▶ _Your task_:
The expected answer is the set of lines in the data below between the line holding "then show ?case" and the line holding "using assms(2-) unfolding abm_reachable_def", inclusive, written out exactly.

*** Extracted records

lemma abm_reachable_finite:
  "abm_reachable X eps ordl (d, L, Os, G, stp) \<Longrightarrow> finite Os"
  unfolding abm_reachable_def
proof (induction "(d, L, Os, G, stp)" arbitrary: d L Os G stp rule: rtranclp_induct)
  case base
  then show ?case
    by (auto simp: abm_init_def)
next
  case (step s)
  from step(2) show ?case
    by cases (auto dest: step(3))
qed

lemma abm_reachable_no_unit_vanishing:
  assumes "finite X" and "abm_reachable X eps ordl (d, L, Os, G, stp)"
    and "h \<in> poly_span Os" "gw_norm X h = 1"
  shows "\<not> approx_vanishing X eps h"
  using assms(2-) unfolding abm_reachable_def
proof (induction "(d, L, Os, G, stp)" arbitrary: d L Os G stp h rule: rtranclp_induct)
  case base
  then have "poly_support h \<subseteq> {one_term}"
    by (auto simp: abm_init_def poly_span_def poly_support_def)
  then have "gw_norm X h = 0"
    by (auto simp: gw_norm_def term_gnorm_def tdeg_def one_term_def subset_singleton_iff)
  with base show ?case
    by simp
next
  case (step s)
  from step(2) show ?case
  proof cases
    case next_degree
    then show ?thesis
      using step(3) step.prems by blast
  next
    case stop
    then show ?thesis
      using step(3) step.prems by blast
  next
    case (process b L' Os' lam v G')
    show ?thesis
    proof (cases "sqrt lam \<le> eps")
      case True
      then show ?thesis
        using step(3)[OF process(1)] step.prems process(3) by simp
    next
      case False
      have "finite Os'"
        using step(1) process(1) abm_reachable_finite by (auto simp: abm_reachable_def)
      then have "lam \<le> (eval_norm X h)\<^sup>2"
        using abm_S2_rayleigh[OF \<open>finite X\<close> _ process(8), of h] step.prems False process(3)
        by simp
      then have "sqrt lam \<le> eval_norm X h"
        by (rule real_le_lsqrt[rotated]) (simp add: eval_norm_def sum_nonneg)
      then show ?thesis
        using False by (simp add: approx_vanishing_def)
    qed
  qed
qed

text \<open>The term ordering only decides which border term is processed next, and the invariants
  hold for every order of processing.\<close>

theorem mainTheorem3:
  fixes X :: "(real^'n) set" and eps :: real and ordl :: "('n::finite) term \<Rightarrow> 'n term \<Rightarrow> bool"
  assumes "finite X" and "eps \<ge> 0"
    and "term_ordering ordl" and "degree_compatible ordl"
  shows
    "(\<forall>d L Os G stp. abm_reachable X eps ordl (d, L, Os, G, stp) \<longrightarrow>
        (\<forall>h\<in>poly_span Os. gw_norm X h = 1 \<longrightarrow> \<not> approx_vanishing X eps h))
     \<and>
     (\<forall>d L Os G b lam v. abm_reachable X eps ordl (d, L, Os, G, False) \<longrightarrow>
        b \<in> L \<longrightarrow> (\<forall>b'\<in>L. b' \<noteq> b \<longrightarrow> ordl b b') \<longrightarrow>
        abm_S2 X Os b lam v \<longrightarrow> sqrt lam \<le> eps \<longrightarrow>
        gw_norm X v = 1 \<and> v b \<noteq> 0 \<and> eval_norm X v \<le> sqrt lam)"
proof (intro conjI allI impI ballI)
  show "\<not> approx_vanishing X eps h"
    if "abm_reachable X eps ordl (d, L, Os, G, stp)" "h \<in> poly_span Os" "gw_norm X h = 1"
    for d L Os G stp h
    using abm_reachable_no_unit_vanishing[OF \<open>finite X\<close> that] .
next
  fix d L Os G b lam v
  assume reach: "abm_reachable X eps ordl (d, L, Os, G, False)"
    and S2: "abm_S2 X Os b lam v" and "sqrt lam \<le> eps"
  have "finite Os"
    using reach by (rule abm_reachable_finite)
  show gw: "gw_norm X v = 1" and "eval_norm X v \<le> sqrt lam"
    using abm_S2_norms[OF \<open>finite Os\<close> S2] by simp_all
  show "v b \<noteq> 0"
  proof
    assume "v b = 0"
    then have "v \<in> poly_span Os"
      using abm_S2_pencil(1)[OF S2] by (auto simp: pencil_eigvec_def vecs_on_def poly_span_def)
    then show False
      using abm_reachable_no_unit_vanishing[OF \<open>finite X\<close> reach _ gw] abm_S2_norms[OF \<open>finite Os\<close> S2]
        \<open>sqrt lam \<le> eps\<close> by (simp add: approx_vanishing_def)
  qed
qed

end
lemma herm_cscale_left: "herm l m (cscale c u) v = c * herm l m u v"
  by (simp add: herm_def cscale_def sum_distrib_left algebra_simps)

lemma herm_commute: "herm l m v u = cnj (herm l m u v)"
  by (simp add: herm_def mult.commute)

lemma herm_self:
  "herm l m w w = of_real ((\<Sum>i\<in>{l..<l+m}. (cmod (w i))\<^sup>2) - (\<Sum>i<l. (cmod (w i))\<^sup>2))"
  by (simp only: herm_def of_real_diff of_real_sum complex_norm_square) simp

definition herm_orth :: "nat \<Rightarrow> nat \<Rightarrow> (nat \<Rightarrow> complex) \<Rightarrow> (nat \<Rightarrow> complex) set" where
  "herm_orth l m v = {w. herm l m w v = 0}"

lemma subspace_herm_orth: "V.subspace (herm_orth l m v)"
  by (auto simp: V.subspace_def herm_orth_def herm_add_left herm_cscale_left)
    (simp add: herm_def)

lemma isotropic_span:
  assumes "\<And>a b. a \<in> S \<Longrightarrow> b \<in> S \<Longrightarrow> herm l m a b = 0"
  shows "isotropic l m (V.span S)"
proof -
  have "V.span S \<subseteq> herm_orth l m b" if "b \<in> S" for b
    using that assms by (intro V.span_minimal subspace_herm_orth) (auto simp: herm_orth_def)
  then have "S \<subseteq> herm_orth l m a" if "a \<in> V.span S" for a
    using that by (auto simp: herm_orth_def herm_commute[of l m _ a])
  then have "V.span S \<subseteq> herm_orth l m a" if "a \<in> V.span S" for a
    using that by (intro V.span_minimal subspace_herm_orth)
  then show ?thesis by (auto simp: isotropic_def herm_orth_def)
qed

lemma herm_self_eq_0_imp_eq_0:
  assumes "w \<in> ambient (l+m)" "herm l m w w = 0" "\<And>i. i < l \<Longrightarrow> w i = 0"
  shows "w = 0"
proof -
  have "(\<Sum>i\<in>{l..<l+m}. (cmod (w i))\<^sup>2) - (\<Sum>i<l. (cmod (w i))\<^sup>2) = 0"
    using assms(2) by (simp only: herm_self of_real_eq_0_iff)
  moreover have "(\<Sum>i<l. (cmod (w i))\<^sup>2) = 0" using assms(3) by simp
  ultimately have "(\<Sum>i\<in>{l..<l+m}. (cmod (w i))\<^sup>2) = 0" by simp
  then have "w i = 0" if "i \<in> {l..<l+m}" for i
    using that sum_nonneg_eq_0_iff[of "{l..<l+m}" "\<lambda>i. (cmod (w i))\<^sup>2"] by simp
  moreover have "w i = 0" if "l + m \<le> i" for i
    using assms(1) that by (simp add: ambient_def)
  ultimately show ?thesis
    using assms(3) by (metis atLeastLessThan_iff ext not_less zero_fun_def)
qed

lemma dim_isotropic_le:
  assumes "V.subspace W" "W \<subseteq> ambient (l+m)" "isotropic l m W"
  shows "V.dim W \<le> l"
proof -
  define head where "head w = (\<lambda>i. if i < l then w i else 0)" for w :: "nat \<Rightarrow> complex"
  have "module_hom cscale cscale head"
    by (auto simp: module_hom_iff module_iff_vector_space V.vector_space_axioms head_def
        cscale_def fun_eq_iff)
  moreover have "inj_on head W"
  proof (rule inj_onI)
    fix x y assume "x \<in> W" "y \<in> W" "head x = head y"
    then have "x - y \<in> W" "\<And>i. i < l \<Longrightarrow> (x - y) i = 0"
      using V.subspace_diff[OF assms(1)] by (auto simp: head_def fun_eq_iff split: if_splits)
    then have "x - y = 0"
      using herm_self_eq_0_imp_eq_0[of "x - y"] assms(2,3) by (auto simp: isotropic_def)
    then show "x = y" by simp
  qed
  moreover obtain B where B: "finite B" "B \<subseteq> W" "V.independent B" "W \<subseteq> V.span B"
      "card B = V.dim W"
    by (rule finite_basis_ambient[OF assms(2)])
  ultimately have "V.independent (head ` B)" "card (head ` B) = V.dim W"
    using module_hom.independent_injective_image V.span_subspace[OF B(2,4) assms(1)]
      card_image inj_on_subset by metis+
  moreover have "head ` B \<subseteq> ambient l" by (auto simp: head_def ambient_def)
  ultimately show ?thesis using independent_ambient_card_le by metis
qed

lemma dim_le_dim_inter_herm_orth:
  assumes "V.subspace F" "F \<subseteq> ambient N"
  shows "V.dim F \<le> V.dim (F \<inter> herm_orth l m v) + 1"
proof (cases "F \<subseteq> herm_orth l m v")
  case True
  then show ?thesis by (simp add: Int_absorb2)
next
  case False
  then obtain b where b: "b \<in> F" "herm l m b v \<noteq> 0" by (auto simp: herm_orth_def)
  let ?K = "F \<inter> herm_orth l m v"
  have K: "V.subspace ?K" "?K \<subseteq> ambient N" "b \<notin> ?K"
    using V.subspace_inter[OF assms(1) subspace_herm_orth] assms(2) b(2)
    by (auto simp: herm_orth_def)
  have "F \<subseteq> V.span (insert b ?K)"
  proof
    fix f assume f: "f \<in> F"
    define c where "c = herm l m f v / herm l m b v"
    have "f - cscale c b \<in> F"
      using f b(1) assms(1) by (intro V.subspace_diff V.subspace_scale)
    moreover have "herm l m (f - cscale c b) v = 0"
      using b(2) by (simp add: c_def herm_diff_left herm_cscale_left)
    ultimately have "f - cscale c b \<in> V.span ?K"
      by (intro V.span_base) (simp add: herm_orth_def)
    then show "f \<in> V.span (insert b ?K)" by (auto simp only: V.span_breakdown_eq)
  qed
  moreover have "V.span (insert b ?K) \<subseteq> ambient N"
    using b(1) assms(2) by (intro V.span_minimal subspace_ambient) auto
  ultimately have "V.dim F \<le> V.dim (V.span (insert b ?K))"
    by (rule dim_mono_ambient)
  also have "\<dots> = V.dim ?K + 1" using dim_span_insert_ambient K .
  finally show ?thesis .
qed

******

▶ _Written solution_:
  then show ?case
    by (auto simp: abm_init_def)
next
  case (step s)
  from step(2) show ?case
    by cases (auto dest: step(3))
qed

lemma abm_reachable_no_unit_vanishing:
  assumes "finite X" and "abm_reachable X eps ordl (d, L, Os, G, stp)"
    and "h \<in> poly_span Os" "gw_norm X h = 1"
  shows "\<not> approx_vanishing X eps h"
  using assms(2-) unfolding abm_reachable_def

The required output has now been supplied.